Produce again, without any change, the lines running from the one with "k) \<in> Qright" through the final line of the data below, and only those.
======== STUDY MATERIAL
lemma red_right_bound:
  assumes "sgn_right c r a (Suc k) = -1"
  shows "(r k)\<^sup>2 + center_dist\<^sup>2 \<le> (r (Suc k))\<^sup>2"
proof -
  define z where "z = of_real (r k) * v - (c (Suc k) - c k)"
  have "q_right c r a (Suc k) \<in> Qright c r a (Suc k)"
    using radii_pos norm_vdir
    by (simp add: Qright_def upper_arc_def q_right_def norm_mult inner_mult_right frame_inner)
  then have "q_right c r a (Suc k) \<in> cball (c (Suc k)) (r (Suc k))"
    using assms by (auto simp: sgn_right_def split: if_splits)
  moreover have "q_right c r a (Suc k) - c (Suc k) = z"
    by (simp add: z_def q_right_def)
  ultimately have "cmod z \<le> r (Suc k)"
    by (metis mem_cball dist_commute dist_norm)
  then have "(cmod z)\<^sup>2 \<le> (r (Suc k))\<^sup>2"
    by (simp add: power_mono)
  moreover have "(cmod z)\<^sup>2 = center_dist\<^sup>2 + (r k)\<^sup>2"
    unfolding norm_power2_frame[of z] unfolding z_def
    by (simp only: inner_diff_right[of _ _ "c (Suc k) - c k"] inner_mult_right frame_inner) simp
  ultimately show ?thesis
    by simp
qed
================
RESPONSE BELOW:
  have "q_right c r a (Suc k) \<in> Qright c r a (Suc k)"
    using radii_pos norm_vdir
    by (simp add: Qright_def upper_arc_def q_right_def norm_mult inner_mult_right frame_inner)
  then have "q_right c r a (Suc k) \<in> cball (c (Suc k)) (r (Suc k))"
    using assms by (auto simp: sgn_right_def split: if_splits)
  moreover have "q_right c r a (Suc k) - c (Suc k) = z"
    by (simp add: z_def q_right_def)
  ultimately have "cmod z \<le> r (Suc k)"
    by (metis mem_cball dist_commute dist_norm)
  then have "(cmod z)\<^sup>2 \<le> (r (Suc k))\<^sup>2"
    by (simp add: power_mono)
  moreover have "(cmod z)\<^sup>2 = center_dist\<^sup>2 + (r k)\<^sup>2"
    unfolding norm_power2_frame[of z] unfolding z_def
    by (simp only: inner_diff_right[of _ _ "c (Suc k) - c k"] inner_mult_right frame_inner) simp
  ultimately show ?thesis
    by simp
qed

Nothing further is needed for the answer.